Embryonic stem cell lines can also be used for developing transgenic mice. Advantages of using stem cell lines are that the cloned genes can be introduced in cultures, and that one can select for cells with the transgene successfully inserted. The altered stem cells are injected into developing blastocysts and implanted into surrogate mothers. The blastocyst itself is thus composed of two types of stem cells: the ones containing the transgene and the original blastocyst cells that lack the transgene. The resulting offspring is a chimera, meaning that it has patches of cells, including germ cells, derived from each of the two lineages. This is evident if the two cell lineages (transgenic cells and host blastocyst) come from mice with different coat colors. The chimeras will have patchy coats of two colors, allowing them to be easily identified. These chimeras can then be bred to produce mice that are heterozygous for the transgene and mice that are homozygous for the transgene.


The different procedures and techniques that have been reviewed provide great insight for researchers in many different fields of study. However, it is also important to acknowledge the potential risks associated with these technologies. Safety concerns such as increased resistance in viruses and bacteria can impact both humans and the environment in which we live. Ethical dilemmas arise: is it ethical to test for life-threatening genetic diseases and potentially terminate a pregnancy based on the results? What about testing for eye or hair color? What are the ethical questions around choosing human test subjects? If a disease-causing gene were found in one individual of a family, does this need to be communicated to other relatives at risk, potentially violating principles of privacy? Is it permissible to carry out potentially risky therapy in an individual whose illness makes him or her unable to communicate? The medical community and bioethicists at large continue to wrestle with this question: how much should we meddle with our own genetic makeup?

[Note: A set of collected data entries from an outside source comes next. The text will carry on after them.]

(* Given $0<\epsilon<1/2$, there exists $C_1=C_1(\epsilon)>0$ such that for every $n$, every $0\le\eta<1/2$ and every $\mathbf{p},\mathbf{p}'\in[\epsilon,1-\epsilon]^n$ with $|p_i-p_i'|\ge\epsilon$ for all $i$, if $\bm\beta^*=(\beta_0,\dots,\beta_n)$ is the risk-minimizing linear solution of $(\mathbf{X},Y)$ for $(\mathbf{X},Y,Z)\sim\mathcal{D}^\eta_{\mathbf{p},\mathbf{p}'}$ and $\hat Y=\beta_0+\sum_{i=1}^n\beta_iX_i$, then $$\mathbb{P}_{(\mathbf{X},Y,Z)\sim\mathcal{D}^\eta_{\mathbf{p},\mathbf{p}'}}\big[\hat YZ\le0\big]\le\exp(-C_1n).$$
   Context: For $\mathbf{q}\in[0,1]^n$, $\mathcal{B}_{\mathbf{q}}$ is the law of independent $X_i\in\{-1,1\}$ with $\mathbb{P}[X_i=1]=q_i$. The toy distribution $\mathcal{D}^{\eta}_{\mathbf{p},\mathbf{p}'}$: sample $Z$ uniformly from $\{-1,1\}$; if $Z=1$ sample $\mathbf{X}\sim\mathcal{B}_{\mathbf{p}}$, else $\mathbf{X}\sim\mathcal{B}_{\mathbf{p}'}$; set $Y=Z$ with probability $1-\eta$ and $Y=-Z$ with probability $\eta$. The risk-minimizing linear solution is $\bm\beta^*=\arg\min_{\bm\beta}\mathbb{E}(\beta_0+\sum_i\beta_iX_i-Y)^2$. *)

theory Defs
  imports "HOL-Analysis.Analysis"
begin

definition sign_vectors :: "nat \<Rightarrow> (nat \<Rightarrow> real) set" where
  "sign_vectors n = PiE {1..n} (\<lambda>_. {-1, 1})"

definition bern_mass :: "(nat \<Rightarrow> real) \<Rightarrow> nat \<Rightarrow> (nat \<Rightarrow> real) \<Rightarrow> real" where
  "bern_mass q n x = (\<Prod>i\<in>{1..n}. if x i = 1 then q i else 1 - q i)"

definition toy_mass :: "real \<Rightarrow> (nat \<Rightarrow> real) \<Rightarrow> (nat \<Rightarrow> real) \<Rightarrow> nat
    \<Rightarrow> (nat \<Rightarrow> real) \<Rightarrow> real \<Rightarrow> real \<Rightarrow> real" where
  "toy_mass \<eta> p p' n x y z =
     (1/2) * (if z = 1 then bern_mass p n x else bern_mass p' n x)
           * (if y = z then 1 - \<eta> else \<eta>)"

definition lin_pred :: "(nat \<Rightarrow> real) \<Rightarrow> nat \<Rightarrow> (nat \<Rightarrow> real) \<Rightarrow> real" where
  "lin_pred \<beta> n x = \<beta> 0 + (\<Sum>i=1..n. \<beta> i * x i)"

definition toy_risk :: "real \<Rightarrow> (nat \<Rightarrow> real) \<Rightarrow> (nat \<Rightarrow> real) \<Rightarrow> nat \<Rightarrow> (nat \<Rightarrow> real) \<Rightarrow> real" where
  "toy_risk \<eta> p p' n \<beta> =
     (\<Sum>z\<in>{-1,1::real}. \<Sum>y\<in>{-1,1::real}. \<Sum>x\<in>sign_vectors n.
        toy_mass \<eta> p p' n x y z * (lin_pred \<beta> n x - y)^2)"

definition is_risk_minimizer :: "real \<Rightarrow> (nat \<Rightarrow> real) \<Rightarrow> (nat \<Rightarrow> real) \<Rightarrow> nat \<Rightarrow> (nat \<Rightarrow> real) \<Rightarrow> bool" where
  "is_risk_minimizer \<eta> p p' n \<beta> \<longleftrightarrow> (\<forall>\<gamma>. toy_risk \<eta> p p' n \<beta> \<le> toy_risk \<eta> p p' n \<gamma>)"

definition toy_error_prob :: "real \<Rightarrow> (nat \<Rightarrow> real) \<Rightarrow> (nat \<Rightarrow> real) \<Rightarrow> nat \<Rightarrow> (nat \<Rightarrow> real) \<Rightarrow> real" where
  "toy_error_prob \<eta> p p' n \<beta> =
     (\<Sum>z\<in>{-1,1::real}. \<Sum>y\<in>{-1,1::real}. \<Sum>x\<in>sign_vectors n.
        if lin_pred \<beta> n x * z \<le> 0 then toy_mass \<eta> p p' n x y z else 0)"

end

theory Submission
  imports Defs
begin

text \<open>Write \<open>\<delta> = p - p'\<close> and \<open>D\<^sub>i\<close> for the average of the variances of \<open>X\<^sub>i\<close> under
\<open>\<B>\<^sub>p\<close> and \<open>\<B>\<^sub>p\<^sub>'\<close>. Under the mixture, \<open>X\<close> has covariance \<open>D + \<delta>\<delta>\<^sup>T\<close> and \<open>Cov(X,Y) = (1-2\<eta>)\<delta>\<close>,
so by Sherman--Morrison the risk minimiser predicts a positive multiple of the discriminant
score \<open>S(x) = \<Sum>\<^sub>i w\<^sub>i (x\<^sub>i - m\<^sub>i)\<close>, where \<open>w = D\<^sup>-\<^sup>1\<delta>\<close> and \<open>m\<close> is the midpoint of the two means;
every minimiser agrees with it on the support, its excess risk being the mean square of the
difference of the two predictions. An error thus means \<open>S \<le> 0\<close> under \<open>\<B>\<^sub>p\<close> or \<open>S \<ge> 0\<close> under \<open>\<B>\<^sub>p\<^sub>'\<close>. Under \<open>\<B>\<^sub>p\<close> the
coordinate \<open>w\<^sub>i(X\<^sub>i - m\<^sub>i)\<close> has mean \<open>\<delta>\<^sub>i\<^sup>2/D\<^sub>i \<ge> \<epsilon>\<^sup>2\<close> and size at most \<open>1/\<epsilon>\<close>, so a Chernoff
bound with parameter \<open>\<epsilon>\<^sup>4/2\<close> gives a factor \<open>exp(-\<epsilon>\<^sup>6/4)\<close> per coordinate.\<close>

definition bern_factor :: "(nat \<Rightarrow> real) \<Rightarrow> nat \<Rightarrow> real \<Rightarrow> real" where
  "bern_factor q i v = (if v = 1 then q i else 1 - q i)"

lemma bern_mass_eq_prod: "bern_mass q n x = (\<Prod>i\<in>{1..n}. bern_factor q i (x i))"
  by (simp add: bern_mass_def bern_factor_def)

lemma finite_sign_vectors: "finite (sign_vectors n)"
  by (simp add: sign_vectors_def finite_PiE)

lemma sign_vectors_values: "x \<in> sign_vectors n \<Longrightarrow> i \<in> {1..n} \<Longrightarrow> x i = -1 \<or> x i = 1"
  by (auto simp: sign_vectors_def PiE_def Pi_def)

lemma sum_sign_vectors_prod:
  fixes g :: "nat \<Rightarrow> real \<Rightarrow> real"
  shows "(\<Sum>x\<in>sign_vectors n. \<Prod>i\<in>{1..n}. g i (x i)) = (\<Prod>i\<in>{1..n}. g i 1 + g i (-1))"
proof -
  have "(\<Prod>i\<in>{1..n}. \<Sum>v\<in>{-1,1::real}. g i v) = (\<Sum>x\<in>sign_vectors n. \<Prod>i\<in>{1..n}. g i (x i))"
    unfolding sign_vectors_def by (rule prod_sum_PiE) auto
  then show ?thesis by (simp add: add.commute)
qed

lemma bern_expectation_prod:
  "(\<Sum>x\<in>sign_vectors n. bern_mass q n x * (\<Prod>i\<in>{1..n}. h i (x i)))
     = (\<Prod>i\<in>{1..n}. q i * h i 1 + (1 - q i) * h i (-1))"
  unfolding bern_mass_eq_prod prod.distrib[symmetric]
  by (subst sum_sign_vectors_prod) (simp add: bern_factor_def)

lemma sum_bern_mass: "(\<Sum>x\<in>sign_vectors n. bern_mass q n x) = 1"
  using bern_expectation_prod[of q n "\<lambda>i v. 1"] by simp

lemma bern_mass_nonneg:
  assumes "\<forall>i\<in>{1..n}. 0 \<le> q i \<and> q i \<le> 1"
  shows "0 \<le> bern_mass q n x"
  unfolding bern_mass_def using assms by (intro prod_nonneg) auto

lemma bern_mass_pos:
  assumes "\<forall>i\<in>{1..n}. 0 < q i \<and> q i < 1"
  shows "0 < bern_mass q n x"
  unfolding bern_mass_def using assms by (intro prod_pos) auto

lemma bern_first_moment:
  assumes "j \<in> {1..n}"
  shows "(\<Sum>x\<in>sign_vectors n. bern_mass q n x * x j) = 2 * q j - 1"
proof -
  have "(\<Prod>i\<in>{1..n}. if i = j then x i else 1) = x j" for x :: "nat \<Rightarrow> real"
    using assms by (simp add: prod.delta)
  then have "(\<Sum>x\<in>sign_vectors n. bern_mass q n x * x j)
      = (\<Prod>i\<in>{1..n}. q i + (1 - q i) * (if i = j then -1 else 1))"
    using bern_expectation_prod[of q n "\<lambda>i v. if i = j then v else 1"] by simp
  also have "\<dots> = (\<Prod>i\<in>{1..n}. if i = j then 2 * q j - 1 else 1)"
    by (rule prod.cong) auto
  finally show ?thesis
    using assms by (simp add: prod.delta)
qed

lemma bern_second_moment:
  assumes "i \<in> {1..n}" "j \<in> {1..n}"
  shows "(\<Sum>x\<in>sign_vectors n. bern_mass q n x * (x i * x j))
     = (2 * q i - 1) * (2 * q j - 1) + (if i = j then 1 - (2 * q j - 1)^2 else 0)"
proof (cases "i = j")
  case True
  have "(\<Sum>x\<in>sign_vectors n. bern_mass q n x * (x i * x j)) = (\<Sum>x\<in>sign_vectors n. bern_mass q n x)"
    by (rule sum.cong) (use True sign_vectors_values[OF _ assms(2)] in force)+
  then show ?thesis
    using True sum_bern_mass by (simp add: power2_eq_square)
next
  case False
  have "(\<Prod>k\<in>{1..n}. (if k = i then x k else 1) * (if k = j then x k else 1)) = x i * x j"
    for x :: "nat \<Rightarrow> real"
    using assms by (simp add: prod.delta prod.distrib)
  then have "(\<Sum>x\<in>sign_vectors n. bern_mass q n x * (x i * x j))
     = (\<Prod>k\<in>{1..n}. q k + (1 - q k) * ((if k = i then -1 else 1) * (if k = j then -1 else 1)))"
    using bern_expectation_prod[of q n "\<lambda>k v. (if k = i then v else 1) * (if k = j then v else 1)"]
    by simp
  also have "\<dots> = (\<Prod>k\<in>{1..n}. (if k = i then 2 * q i - 1 else 1) * (if k = j then 2 * q j - 1 else 1))"
    by (rule prod.cong) (use False in auto)
  also have "\<dots> = (2 * q i - 1) * (2 * q j - 1)"
    using assms by (simp add: prod.delta prod.distrib)
  finally show ?thesis
    using False by simp
qed

lemma bern_expectation_lin_pred:
  "(\<Sum>x\<in>sign_vectors n. bern_mass q n x * lin_pred b n x) = b 0 + (\<Sum>i=1..n. b i * (2 * q i - 1))"
proof -
  have "(\<Sum>x\<in>sign_vectors n. bern_mass q n x * lin_pred b n x)
     = (\<Sum>x\<in>sign_vectors n. b 0 * bern_mass q n x + (\<Sum>i=1..n. b i * (bern_mass q n x * x i)))"
    by (rule sum.cong) (auto simp: lin_pred_def algebra_simps sum_distrib_left)
  also have "\<dots> = b 0 * (\<Sum>x\<in>sign_vectors n. bern_mass q n x)
      + (\<Sum>i=1..n. b i * (\<Sum>x\<in>sign_vectors n. bern_mass q n x * x i))"
    by (simp add: sum.distrib sum_distrib_left) (rule sum.swap)
  also have "\<dots> = b 0 + (\<Sum>i=1..n. b i * (2 * q i - 1))"
    by (simp add: sum_bern_mass bern_first_moment)
  finally show ?thesis .
qed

The story of Jesse Gelsinger is one particularly harrowing example of the problems that biotechnology can create. Diagnosed with mild ornithine transcarbamylase (OTC) deficiency, a defect of the urea cycle, Gelsinger volunteered for a clinical trial of gene therapy. During the trial (which was also fraught with questionable consent practices), Gelsinger died from a massive immune response to the viral vector, leading to multiple organ failure and brain death. He was 18 years old.

MCAT Concept Check 6.5:

Before you move on, assess your understanding of the material with these questions.

1. When creating a DNA library, what are some of the advantages of genomic libraries? What about cDNA libraries?

· Genomic:

· cDNA:

2. What does PCR accomplish for a researcher? What about Southern blotting?

· PCR:

· Southern blotting:

3. During DNA sequencing, why does the DNA polymer stop growing once a dideoxyribonucleotide is added?

4. What is the difference between a transgenic and a knockout mouse?